### Your goal
Give the entries again, exactly as written.

### Extracted entries
lemma durrmeyer_diff:
  assumes "w > 0" "continuous_on UNIV g" "\<And>y. \<bar>g y\<bar> \<le> B" "continuous_on UNIV h" "\<And>y. \<bar>h y\<bar> \<le> B'"
  shows "durrmeyer \<phi> \<psi> w (\<lambda>y. g y - h y) x = durrmeyer \<phi> \<psi> w g x - durrmeyer \<phi> \<psi> w h x"
proof -
  have "durrmeyer \<phi> \<psi> w (\<lambda>y. g y - h y) x =
     (\<Sum>\<^sub>\<infinity>k::int. \<phi> (w * x - real_of_int k) * (LINT v|lborel. \<psi> v * g ((v + real_of_int k) / w)) -
        \<phi> (w * x - real_of_int k) * (LINT v|lborel. \<psi> v * h ((v + real_of_int k) / w)))"
    unfolding durrmeyer_rescaled[OF assms(1)]
  proof (intro infsum_cong)
    fix k :: int
    have "(LINT v|lborel. \<psi> v * (g ((v + real_of_int k) / w) - h ((v + real_of_int k) / w))) =
       (LINT v|lborel. \<psi> v * g ((v + real_of_int k) / w) - \<psi> v * h ((v + real_of_int k) / w))"
      by (simp add: algebra_simps)
    also have "\<dots> = (LINT v|lborel. \<psi> v * g ((v + real_of_int k) / w)) - (LINT v|lborel. \<psi> v * h ((v + real_of_int k) / w))"
      by (rule Bochner_Integration.integral_diff[OF integrable_psi_comp(1)[OF assms(2,3)] integrable_psi_comp(1)[OF assms(4,5)]])
    finally show "\<phi> (w * x - real_of_int k) * (LINT v|lborel. \<psi> v * (g ((v + real_of_int k) / w) - h ((v + real_of_int k) / w))) =
      \<phi> (w * x - real_of_int k) * (LINT v|lborel. \<psi> v * g ((v + real_of_int k) / w)) -
        \<phi> (w * x - real_of_int k) * (LINT v|lborel. \<psi> v * h ((v + real_of_int k) / w))"
      by (simp add: right_diff_distrib)
  qed
  also have "\<dots> = durrmeyer \<phi> \<psi> w g x - durrmeyer \<phi> \<psi> w h x"
    unfolding durrmeyer_rescaled[OF assms(1)]
    by (rule infsumI[OF has_sum_diff[OF has_sum_infsum has_sum_infsum]])
      (intro abs_durrmeyer_le(1)[OF assms(1-3)] abs_durrmeyer_le(1)[OF assms(1,4,5)])+
  finally show ?thesis .
qed

lemma psi_power_integral:
  assumes "i \<le> r" "w \<noteq> 0"
  shows "integrable lborel (\<lambda>v. \<psi> v * ((v + c) / w) ^ i)"
    and "(LINT v|lborel. \<psi> v * ((v + c) / w) ^ i) = (\<Sum>\<nu>=0..i. real (i choose \<nu>) * cmoment \<psi> \<nu> * c ^ (i - \<nu>)) / w ^ i"
proof -
  have expand: "\<psi> v * ((v + c) / w) ^ i = (\<Sum>\<nu>=0..i. (real (i choose \<nu>) * c ^ (i - \<nu>) / w ^ i) * (v ^ \<nu> * \<psi> v))" for v
    by (simp add: power_divide binomial_ring atLeast0AtMost sum_distrib_left sum_divide_distrib mult_ac)
  have int: "integrable lborel (\<lambda>v. (real (i choose \<nu>) * c ^ (i - \<nu>) / w ^ i) * (v ^ \<nu> * \<psi> v))" if "\<nu> \<in> {0..i}" for \<nu>
    using that assms(1) by (intro Bochner_Integration.integrable_mult_right integrable_cmoment) auto
  show "integrable lborel (\<lambda>v. \<psi> v * ((v + c) / w) ^ i)"
    unfolding expand by (rule Bochner_Integration.integrable_sum[OF int])
  have "(LINT v|lborel. \<psi> v * ((v + c) / w) ^ i) = (\<Sum>\<nu>=0..i. (real (i choose \<nu>) * c ^ (i - \<nu>) / w ^ i) * cmoment \<psi> \<nu>)"
    unfolding expand cmoment_def by (subst Bochner_Integration.integral_sum[OF int]) auto
  also have "\<dots> = (\<Sum>\<nu>=0..i. real (i choose \<nu>) * cmoment \<psi> \<nu> * c ^ (i - \<nu>)) / w ^ i"
    by (simp add: sum_divide_distrib mult_ac)
  finally show "(LINT v|lborel. \<psi> v * ((v + c) / w) ^ i) = (\<Sum>\<nu>=0..i. real (i choose \<nu>) * cmoment \<psi> \<nu> * c ^ (i - \<nu>)) / w ^ i" .
qed

lemma durrmeyer_power_has_sum:
  assumes "i < r" "w > 0"
  shows "((\<lambda>k::int. \<phi> (w * x - real_of_int k) * (LINT v|lborel. \<psi> v * ((v + real_of_int k) / w - x) ^ i))
    has_sum (if i = 0 then 1 else 0)) UNIV"
proof -
  let ?u = "w * x"
  have shift: "(v + real_of_int k) / w - x = (v + (real_of_int k - ?u)) / w" for v k
    using assms(2) by (simp add: field_simps)
  have "((\<lambda>k::int. \<phi> (?u - real_of_int k) * (real_of_int k - ?u) ^ (i - \<nu>)) has_sum dmoment \<phi> (i - \<nu>) ?u) UNIV" for \<nu>
    unfolding dmoment_def using summable_dmoment[of "i - \<nu>" ?u] assms(1) by simp
  then have "((\<lambda>k::int. (1 / w ^ i) * (\<Sum>\<nu>=0..i. (real (i choose \<nu>) * cmoment \<psi> \<nu>) *
      (\<phi> (?u - real_of_int k) * (real_of_int k - ?u) ^ (i - \<nu>))))
      has_sum (1 / w ^ i) * (\<Sum>\<nu>=0..i. (real (i choose \<nu>) * cmoment \<psi> \<nu>) * dmoment \<phi> (i - \<nu>) ?u)) UNIV"
    by (intro has_sum_cmult_right has_sum_sum) auto
  moreover have "(1 / w ^ i) * (\<Sum>\<nu>=0..i. (real (i choose \<nu>) * cmoment \<psi> \<nu>) * dmoment \<phi> (i - \<nu>) ?u) =
      (if i = 0 then 1 else 0)"
    using moment_condition[OF assms(1), of ?u] by simp
  moreover have "\<phi> (?u - real_of_int k) * (LINT v|lborel. \<psi> v * ((v + real_of_int k) / w - x) ^ i) =
      (1 / w ^ i) * (\<Sum>\<nu>=0..i. (real (i choose \<nu>) * cmoment \<psi> \<nu>) * (\<phi> (?u - real_of_int k) * (real_of_int k - ?u) ^ (i - \<nu>)))"
    for k
    using psi_power_integral(2)[of i w "real_of_int k - ?u"] assms
    unfolding shift by (simp add: sum_distrib_left sum_divide_distrib mult_ac)
  ultimately show ?thesis by simp
qed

### Result of the exercise
lemma durrmeyer_diff:
  assumes "w > 0" "continuous_on UNIV g" "\<And>y. \<bar>g y\<bar> \<le> B" "continuous_on UNIV h" "\<And>y. \<bar>h y\<bar> \<le> B'"
  shows "durrmeyer \<phi> \<psi> w (\<lambda>y. g y - h y) x = durrmeyer \<phi> \<psi> w g x - durrmeyer \<phi> \<psi> w h x"
proof -
  have "durrmeyer \<phi> \<psi> w (\<lambda>y. g y - h y) x =
     (\<Sum>\<^sub>\<infinity>k::int. \<phi> (w * x - real_of_int k) * (LINT v|lborel. \<psi> v * g ((v + real_of_int k) / w)) -
        \<phi> (w * x - real_of_int k) * (LINT v|lborel. \<psi> v * h ((v + real_of_int k) / w)))"
    unfolding durrmeyer_rescaled[OF assms(1)]
  proof (intro infsum_cong)
    fix k :: int
    have "(LINT v|lborel. \<psi> v * (g ((v + real_of_int k) / w) - h ((v + real_of_int k) / w))) =
       (LINT v|lborel. \<psi> v * g ((v + real_of_int k) / w) - \<psi> v * h ((v + real_of_int k) / w))"
      by (simp add: algebra_simps)
    also have "\<dots> = (LINT v|lborel. \<psi> v * g ((v + real_of_int k) / w)) - (LINT v|lborel. \<psi> v * h ((v + real_of_int k) / w))"
      by (rule Bochner_Integration.integral_diff[OF integrable_psi_comp(1)[OF assms(2,3)] integrable_psi_comp(1)[OF assms(4,5)]])
    finally show "\<phi> (w * x - real_of_int k) * (LINT v|lborel. \<psi> v * (g ((v + real_of_int k) / w) - h ((v + real_of_int k) / w))) =
      \<phi> (w * x - real_of_int k) * (LINT v|lborel. \<psi> v * g ((v + real_of_int k) / w)) -
        \<phi> (w * x - real_of_int k) * (LINT v|lborel. \<psi> v * h ((v + real_of_int k) / w))"
      by (simp add: right_diff_distrib)
  qed
  also have "\<dots> = durrmeyer \<phi> \<psi> w g x - durrmeyer \<phi> \<psi> w h x"
    unfolding durrmeyer_rescaled[OF assms(1)]
    by (rule infsumI[OF has_sum_diff[OF has_sum_infsum has_sum_infsum]])
      (intro abs_durrmeyer_le(1)[OF assms(1-3)] abs_durrmeyer_le(1)[OF assms(1,4,5)])+
  finally show ?thesis .
qed

lemma psi_power_integral:
  assumes "i \<le> r" "w \<noteq> 0"
  shows "integrable lborel (\<lambda>v. \<psi> v * ((v + c) / w) ^ i)"
    and "(LINT v|lborel. \<psi> v * ((v + c) / w) ^ i) = (\<Sum>\<nu>=0..i. real (i choose \<nu>) * cmoment \<psi> \<nu> * c ^ (i - \<nu>)) / w ^ i"
proof -
  have expand: "\<psi> v * ((v + c) / w) ^ i = (\<Sum>\<nu>=0..i. (real (i choose \<nu>) * c ^ (i - \<nu>) / w ^ i) * (v ^ \<nu> * \<psi> v))" for v
    by (simp add: power_divide binomial_ring atLeast0AtMost sum_distrib_left sum_divide_distrib mult_ac)
  have int: "integrable lborel (\<lambda>v. (real (i choose \<nu>) * c ^ (i - \<nu>) / w ^ i) * (v ^ \<nu> * \<psi> v))" if "\<nu> \<in> {0..i}" for \<nu>
    using that assms(1) by (intro Bochner_Integration.integrable_mult_right integrable_cmoment) auto
  show "integrable lborel (\<lambda>v. \<psi> v * ((v + c) / w) ^ i)"
    unfolding expand by (rule Bochner_Integration.integrable_sum[OF int])
  have "(LINT v|lborel. \<psi> v * ((v + c) / w) ^ i) = (\<Sum>\<nu>=0..i. (real (i choose \<nu>) * c ^ (i - \<nu>) / w ^ i) * cmoment \<psi> \<nu>)"
    unfolding expand cmoment_def by (subst Bochner_Integration.integral_sum[OF int]) auto
  also have "\<dots> = (\<Sum>\<nu>=0..i. real (i choose \<nu>) * cmoment \<psi> \<nu> * c ^ (i - \<nu>)) / w ^ i"
    by (simp add: sum_divide_distrib mult_ac)
  finally show "(LINT v|lborel. \<psi> v * ((v + c) / w) ^ i) = (\<Sum>\<nu>=0..i. real (i choose \<nu>) * cmoment \<psi> \<nu> * c ^ (i - \<nu>)) / w ^ i" .
qed

lemma durrmeyer_power_has_sum:
  assumes "i < r" "w > 0"
  shows "((\<lambda>k::int. \<phi> (w * x - real_of_int k) * (LINT v|lborel. \<psi> v * ((v + real_of_int k) / w - x) ^ i))
    has_sum (if i = 0 then 1 else 0)) UNIV"
proof -
  let ?u = "w * x"
  have shift: "(v + real_of_int k) / w - x = (v + (real_of_int k - ?u)) / w" for v k
    using assms(2) by (simp add: field_simps)
  have "((\<lambda>k::int. \<phi> (?u - real_of_int k) * (real_of_int k - ?u) ^ (i - \<nu>)) has_sum dmoment \<phi> (i - \<nu>) ?u) UNIV" for \<nu>
    unfolding dmoment_def using summable_dmoment[of "i - \<nu>" ?u] assms(1) by simp
  then have "((\<lambda>k::int. (1 / w ^ i) * (\<Sum>\<nu>=0..i. (real (i choose \<nu>) * cmoment \<psi> \<nu>) *
      (\<phi> (?u - real_of_int k) * (real_of_int k - ?u) ^ (i - \<nu>))))
      has_sum (1 / w ^ i) * (\<Sum>\<nu>=0..i. (real (i choose \<nu>) * cmoment \<psi> \<nu>) * dmoment \<phi> (i - \<nu>) ?u)) UNIV"
    by (intro has_sum_cmult_right has_sum_sum) auto
  moreover have "(1 / w ^ i) * (\<Sum>\<nu>=0..i. (real (i choose \<nu>) * cmoment \<psi> \<nu>) * dmoment \<phi> (i - \<nu>) ?u) =
      (if i = 0 then 1 else 0)"
    using moment_condition[OF assms(1), of ?u] by simp
  moreover have "\<phi> (?u - real_of_int k) * (LINT v|lborel. \<psi> v * ((v + real_of_int k) / w - x) ^ i) =
      (1 / w ^ i) * (\<Sum>\<nu>=0..i. (real (i choose \<nu>) * cmoment \<psi> \<nu>) * (\<phi> (?u - real_of_int k) * (real_of_int k - ?u) ^ (i - \<nu>)))"
    for k
    using psi_power_integral(2)[of i w "real_of_int k - ?u"] assms
    unfolding shift by (simp add: sum_distrib_left sum_divide_distrib mult_ac)
  ultimately show ?thesis by simp
qed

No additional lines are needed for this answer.